Bases: _PredictorBase

Predictor for analysing study results on held-out test data.

Stores test and train data per outer split. Methods use stored test data implicitly — the caller never needs to pass data.

Each outer-split model predicts only on its corresponding test data. No averaging across splits.

Parameters:

Name Type Description Default
study_info

StudyInfo returned by load_study_information().

required
task_id

Concrete workflow task index (must be >= 0).

required
result_type

Result type for filtering results (default: 'best').

required

Raises:

Type Description
ValueError

If task_id is negative, out of range, or no models found.

FileNotFoundError

If expected study artifacts are missing.

Example

info = load_study_information("studies/my_study") tp = OctoTestEvaluator(study_info=info, task_id=0) scores = tp.performance(metrics=["AUCROC", "ACC"])

Source code in octopus/poststudy/analysis/evaluator.py
@define(slots=False)
class OctoTestEvaluator(_PredictorBase):
    """Predictor for analysing study results on held-out test data.

    Stores test and train data per outer split.  Methods use stored test
    data implicitly — the caller never needs to pass data.

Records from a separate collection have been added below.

lemma norm2_two_rows_le:
  assumes ab: "a \<noteq> b" "a \<le> n" "b \<le> n" and ab': "a' \<noteq> b'" "a' \<le> n" "b' \<le> n"
    and al: "cmod \<alpha> = 1" and be: "cmod \<beta> = 1"
    and M: "\<And>x y. x \<le> n \<Longrightarrow> y \<le> n \<Longrightarrow> M x y = (if x = a then \<alpha> * Q a' y else 0) + (if x = b then \<beta> * Q b' y else 0)"
  shows "norm2 n M \<le> norm2 n Q"
proof -
  have "norm2 n M = (\<Sum>y\<le>n. \<Sum>x\<le>n. (cmod (M x y))\<^sup>2)" unfolding norm2_def by (rule sum.swap)
  also have "\<dots> = (\<Sum>y\<le>n. (cmod (Q a' y))\<^sup>2 + (cmod (Q b' y))\<^sup>2)"
  proof (intro sum.cong refl)
    fix y assume y: "y \<in> {..n}"
    have "(\<Sum>x\<le>n. (cmod (M x y))\<^sup>2) = (\<Sum>x\<le>n. (cmod ((if x = a then \<alpha> * Q a' y else 0) + (if x = b then \<beta> * Q b' y else 0)))\<^sup>2)"
      using y by (intro sum.cong refl) (simp add: M)
    also have "\<dots> = (cmod (Q a' y))\<^sup>2 + (cmod (Q b' y))\<^sup>2"
      using sum_norm2_two_delta[OF ab] al be by (simp add: norm_mult)
    finally show "(\<Sum>x\<le>n. (cmod (M x y))\<^sup>2) = (cmod (Q a' y))\<^sup>2 + (cmod (Q b' y))\<^sup>2" .
  qed
  also have "\<dots> \<le> (\<Sum>y\<le>n. \<Sum>x\<le>n. (cmod (Q x y))\<^sup>2)"
    by (intro sum_mono sum_two_le[OF ab']) simp
  also have "\<dots> = norm2 n Q" unfolding norm2_def by (rule sum.swap)
  finally show ?thesis .
qed

lemma norm2_two_cols_le:
  assumes ab: "a \<noteq> b" "a \<le> n" "b \<le> n" and ab': "a' \<noteq> b'" "a' \<le> n" "b' \<le> n"
    and al: "cmod \<alpha> = 1" and be: "cmod \<beta> = 1"
    and M: "\<And>x y. x \<le> n \<Longrightarrow> y \<le> n \<Longrightarrow> M x y = (if y = a then \<alpha> * Q x a' else 0) + (if y = b then \<beta> * Q x b' else 0)"
  shows "norm2 n M \<le> norm2 n Q"
proof -
  have "norm2 n M = (\<Sum>x\<le>n. (cmod (Q x a'))\<^sup>2 + (cmod (Q x b'))\<^sup>2)"
    unfolding norm2_def
  proof (intro sum.cong refl)
    fix x assume x: "x \<in> {..n}"
    have "(\<Sum>y\<le>n. (cmod (M x y))\<^sup>2) = (\<Sum>y\<le>n. (cmod ((if y = a then \<alpha> * Q x a' else 0) + (if y = b then \<beta> * Q x b' else 0)))\<^sup>2)"
      using x by (intro sum.cong refl) (simp add: M)
    also have "\<dots> = (cmod (Q x a'))\<^sup>2 + (cmod (Q x b'))\<^sup>2"
      using sum_norm2_two_delta[OF ab] al be by (simp add: norm_mult)
    finally show "(\<Sum>y\<le>n. (cmod (M x y))\<^sup>2) = (cmod (Q x a'))\<^sup>2 + (cmod (Q x b'))\<^sup>2" .
  qed
  also have "\<dots> \<le> norm2 n Q"
    unfolding norm2_def by (intro sum_mono sum_two_le[OF ab']) simp
  finally show ?thesis .
qed

lemma norm_phase: "cmod (phase t) = 1"
  by (simp add: phase_def)

lemma norm_offdiag_partner: "cmod (- jsgn n b * cnj u) = cmod u"
  by (simp add: jsgn_def norm_mult)

lemma norm_jsgn_cnj: "cmod (jsgn n b * cnj u) = cmod u"
  by (simp add: jsgn_def norm_mult)

lemma norm2_mmul_sbasis_left: assumes i: "i \<in> sidx n" shows "norm2 n (mmul n (sbasis n i) Q) \<le> norm2 n Q"
proof -
  obtain a b t where ie: "i = (a,b,t)" by (cases i) auto
  have I: "a < b \<and> b \<le> n \<or> a = b \<and> a < n \<and> t" using i unfolding ie sidx_def by auto
  show ?thesis
  proof (cases "a = b")
    case True
    then have an: "a < n" using I by auto
    have e: "sbasis n i = hdiag n a" unfolding ie sbasis_def using True by simp
    show ?thesis unfolding e
      by (rule norm2_two_rows_le[of a n n a n "\<i>" "- \<i>"]) (use an in \<open>auto simp: mmul_hdiag_left\<close>)
  next
    case False
    then have ab: "a < b" "b \<le> n" using I by auto
    have e: "sbasis n i = offdiag n a b (phase t)" unfolding ie sbasis_def using False by simp
    show ?thesis unfolding e
      by (rule norm2_two_rows_le[of a b n b a "phase t" "- jsgn n b * cnj (phase t)"]) (use ab in \<open>auto simp: mmul_offdiag_left norm_phase norm_offdiag_partner norm_jsgn_cnj\<close>)
  qed
qed

lemma norm2_mmul_sbasis_right: assumes i: "i \<in> sidx n" shows "norm2 n (mmul n Q (sbasis n i)) \<le> norm2 n Q"
proof -
  obtain a b t where ie: "i = (a,b,t)" by (cases i) auto
  have I: "a < b \<and> b \<le> n \<or> a = b \<and> a < n \<and> t" using i unfolding ie sidx_def by auto
  show ?thesis
  proof (cases "a = b")
    case True
    then have an: "a < n" using I by auto
    have e: "sbasis n i = hdiag n a" unfolding ie sbasis_def using True by simp
    show ?thesis unfolding e
      by (rule norm2_two_cols_le[of a n n a n "\<i>" "- \<i>"]) (use an in \<open>auto simp: mmul_hdiag_right mult.commute\<close>)
  next
    case False
    then have ab: "a < b" "b \<le> n" using I by auto
    have e: "sbasis n i = offdiag n a b (phase t)" unfolding ie sbasis_def using False by simp
    show ?thesis unfolding e
      by (rule norm2_two_cols_le[of b a n a b "phase t" "- jsgn n b * cnj (phase t)"]) (use ab in \<open>auto simp: mmul_offdiag_right norm_phase norm_offdiag_partner norm_jsgn_cnj mult.commute norm_mult norm_jsgn\<close>)
  qed
qed

lemma frob_bracket_sbasis_le: assumes i: "i \<in> sidx n" and j: "j \<in> sidx n"
  shows "frob n (bracket n (sbasis n i) (sbasis n j)) (bracket n (sbasis n i) (sbasis n j)) \<le> 16"
proof -
  have nY: "norm2 n (sbasis n j) = 2" using frob_sbasis[OF j j] frob_self_eq_norm2[of n "sbasis n j"] by simp
  have "norm2 n (bracket n (sbasis n i) (sbasis n j)) \<le> 2 * norm2 n (mmul n (sbasis n i) (sbasis n j)) + 2 * norm2 n (mmul n (sbasis n j) (sbasis n i))"
    unfolding bracket_def by (rule norm2_diff_le)
  also have "\<dots> \<le> 2 * norm2 n (sbasis n j) + 2 * norm2 n (sbasis n j)"
    using norm2_mmul_sbasis_left[OF i, of "sbasis n j"] norm2_mmul_sbasis_right[OF i, of "sbasis n j"] by simp
  finally show ?thesis unfolding frob_self_eq_norm2 nY by simp
qed

lemma frob_self_nonneg: "0 \<le> frob n Q Q"
  unfolding frob_self_eq_norm2 norm2_def by (simp add: sum_nonneg)

lemma gt_curv_le_quarter:
  assumes X: "X \<in> su n" and Y: "Y \<in> su n"
    and tX: "theta n X = smul (complex_of_real e) X" and tY: "theta n Y = smul (complex_of_real d) Y"
    and e: "e = 1 \<or> e = -1" and d: "d = 1 \<or> d = -1"
  shows "gt n (curv n X Y Y) X \<le> frob n (bracket n X Y) (bracket n X Y) / 4"
proof -
  define K where "K = (- ((1 - d + e) / 2) * (1 - e * d + d) / 2 - (- 1 + d - e * d) / 2) * d"
  have "K = 1/4 \<or> K = -7/4" unfolding K_def using e d by auto
  then show ?thesis
    using gt_curv_eq[OF X Y tX tY] frob_self_nonneg[of n "bracket n X Y"] unfolding K_def[symmetric]
    by (elim disjE) simp_all
qed

lemma gt_sbasis:
  assumes "i \<in> sidx n" "j \<in> sidx n"
  shows "gt n (sbasis n i) (sbasis n j) =
    (if i = j then 4 else if fst i = fst (snd i) \<and> fst j = fst (snd j) then 2 else 0)"
  using gt_eq_frob[OF sbasis_su sbasis_su, OF assms] frob_sbasis[OF assms] by simp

    Each outer-split model predicts **only** on its corresponding test data.
    No averaging across splits.

    Args:
        study_info: ``StudyInfo`` returned by ``load_study_information()``.
        task_id: Concrete workflow task index (must be >= 0).
        result_type: Result type for filtering results (default: 'best').

    Raises:
        ValueError: If task_id is negative, out of range, or no models found.
        FileNotFoundError: If expected study artifacts are missing.

    Example:
        >>> info = load_study_information("studies/my_study")
        >>> tp = OctoTestEvaluator(study_info=info, task_id=0)
        >>> scores = tp.performance(metrics=["AUCROC", "ACC"])
    """

    _test_data: dict[int, pd.DataFrame] = field(init=False, factory=dict, repr=False)
    _train_data: dict[int, pd.DataFrame] = field(init=False, factory=dict, repr=False)

    def __attrs_post_init__(self) -> None:
        """Load base artifacts via parent, then additionally load test/train data."""
        super().__attrs_post_init__()

        from octopus.poststudy.study_io import load_partition  # noqa: PLC0415

        prepared_data = parquet_load(self._study_info.path / "data_prepared.parquet")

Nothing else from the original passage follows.